A: I have keyboards all around me and I played them all at the same time. He was singing. The majority of the lyrics were created at this time, during the take. The complete recording took ten days. The second album was made similarly. We improvised for two days, then I mixed all the tapes. We made it to get the good moments on record. It's difficult to believe, but that's all there is to it really. I worked with Jon for the change, but also because things are natural between us. If we'd had to prepare the albums, that wouldn't have interested me. The unknown, that was good. One minute before starting the recording, one did not know what one was going to do!
Q: That's what provided the title for the "Private Collection" album?
A: No, it's just a title. But it's true it was a private thing, without publicity...
Q: On "Back to School", you can well recognise all the fun you had doing it...
A: Yes, it was spontaneous. If this spontaneity is broken, the record is gone.
Q: On "Private Collection", Polonaise seems to me to be slightly off-topic...
A: It was at the time of the Polish problems. One cannot escape from what surrounds us. It is not political, it's human, we are touched by this event.
Q: Which musicians are the ones that impress you?
A: It is they who are in touch with nature. When you agree with nature you obtain, no matter in what style, something impressive.
Q: When you sense that you're playing something exceptional, do you feel "something's coming"?
A: Yes, and that enables me to precisely carry out what I feel. It's a little odd, one does not know exactly what occurs. There is a serenity, a great tiredness, a nervousness which invades you: these are the symptoms. It's all biological. And when I hear some music which I feel to be "forced", that gets me really sick.
Q: How do you place yourself with respect to other musicians whom one classifies along with you as "keyboard nerds", as in a demonstration of technology with plenty of hardware?

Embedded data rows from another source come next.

locale gmm_mixture_posterior = elliptical_profile f W
  for f :: "real \<Rightarrow> real" and W :: "real^'k^'k" +
  fixes Y :: "real^'k" and X :: "real^'p^'k"
    and pistar :: "real^'p \<Rightarrow> real^'k \<Rightarrow> real" and pitheta :: "real^'p \<Rightarrow> real" and \<phi> :: real
  assumes pistar_pos: "\<And>\<theta> \<eta>. 0 < pistar \<theta> \<eta>"
    and phi: "0 < \<phi>" "\<phi> < 1"
    and pitheta_nonneg: "\<And>\<theta>. 0 \<le> pitheta \<theta>"
    and pitheta_meas: "pitheta \<in> borel_measurable lborel"
    and pitheta_dens: "(\<integral>\<^sup>+\<theta>. ennreal (pitheta \<theta>) \<partial>lborel) = 1"
    and star_post_wd: "integrable lborel (\<lambda>t. pitheta t * pistar t (Y - X *v t))"
begin

abbreviation post :: "real \<Rightarrow> real^'p \<Rightarrow> real" where
  "post c \<equiv> post_c f W pistar \<phi> pitheta X Y c"

definition kernel_mass :: "real \<Rightarrow> real" where
  "kernel_mass c = (\<integral>t. pitheta t * f ((1 / c) * QW W X Y t) \<partial>lborel)"

definition star_mass :: real where
  "star_mass = (\<integral>t. pitheta t * pistar t (Y - X *v t) \<partial>lborel)"

lemma QW_nonneg: "0 \<le> QW W X Y t"
  unfolding QW_def by (rule W_psd)

lemma integrable_pitheta: "integrable lborel pitheta"
  using pitheta_meas pitheta_dens pitheta_nonneg by (intro integrableI_bounded) auto

lemma integral_pitheta: "(\<integral>t. pitheta t \<partial>lborel) = 1"
  using pitheta_meas pitheta_nonneg pitheta_dens by (subst integral_eq_nn_integral) auto

lemma integrable_kernel:
  assumes "0 < c"
  shows "integrable lborel (\<lambda>t. pitheta t * f ((1 / c) * QW W X Y t))"
proof (rule Bochner_Integration.integrable_bound[of _ "\<lambda>t. f 0 * pitheta t"])
  show "integrable lborel (\<lambda>t. f 0 * pitheta t)" using integrable_pitheta by simp
  have "(\<lambda>t. f ((1 / c) * QW W X Y t)) \<in> borel_measurable borel"
    using assms QW_nonneg by (intro borel_measurable_f_comp) (auto intro!: continuous_intros continuous_on_QW)
  then show "(\<lambda>t. pitheta t * f ((1 / c) * QW W X Y t)) \<in> borel_measurable lborel"
    using pitheta_meas by measurable
  have "pitheta t * f ((1 / c) * QW W X Y t) \<le> f 0 * pitheta t" for t
    using f_noninc[of 0 "(1 / c) * QW W X Y t"] assms QW_nonneg[of t] pitheta_nonneg[of t]
    by (simp add: mult.commute[of "f 0"] mult_left_mono)
  then show "AE t in lborel. norm (pitheta t * f ((1 / c) * QW W X Y t)) \<le> norm (f 0 * pitheta t)"
    using assms QW_nonneg pitheta_nonneg f_pos by (intro AE_I2) (simp add: less_imp_le)
qed

lemma kernel_mass_nonneg: "0 < c \<Longrightarrow> 0 \<le> kernel_mass c"
  unfolding kernel_mass_def using pitheta_nonneg f_pos QW_nonneg
  by (intro integral_nonneg_AE AE_I2) (simp add: less_imp_le)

A: It is difficult to speak about the others. They all have their own conscience... I can say most of the time I regret the lack of feedback, of contact with the instrument. It is like trying to touch a button to make "gloup gloup", but I regret this mechanical, artificial side.
Q: All the new techno-pop groups who use synthesizers, what effect does that have on you?
A: I wait until it passes over! And what remains will perhaps have more purpose.
Q: Already the technology will remain...
A: Yes, but the question remains: does the technology control us or do we control technology? I am against technology becoming in control.
Q: What kind of music do you listen to?
A: It depends on the moment. A little of everything. I am rather curious, I try to find things. Everything is of interest to me. Like I said, music is all one.
Q: Do you listen again to music?
A: Rarely. The interesting point is when I conceive the music, not afterwards. What's important is to do it.
Q: There is a topic about which one seldom speaks regarding your subject: you are a percussionist...
A: That's true, I much like percussion. It is so biological. Rhythm is essential. There is much wisdom in rhythm, it's life itself.
Q: Do you like to use electronic rhythms, sequences, or do you really like to "bang away"?
A: Both are relevant. At times I drum, and sometimes, I get drummed. I cannot live without rhythm.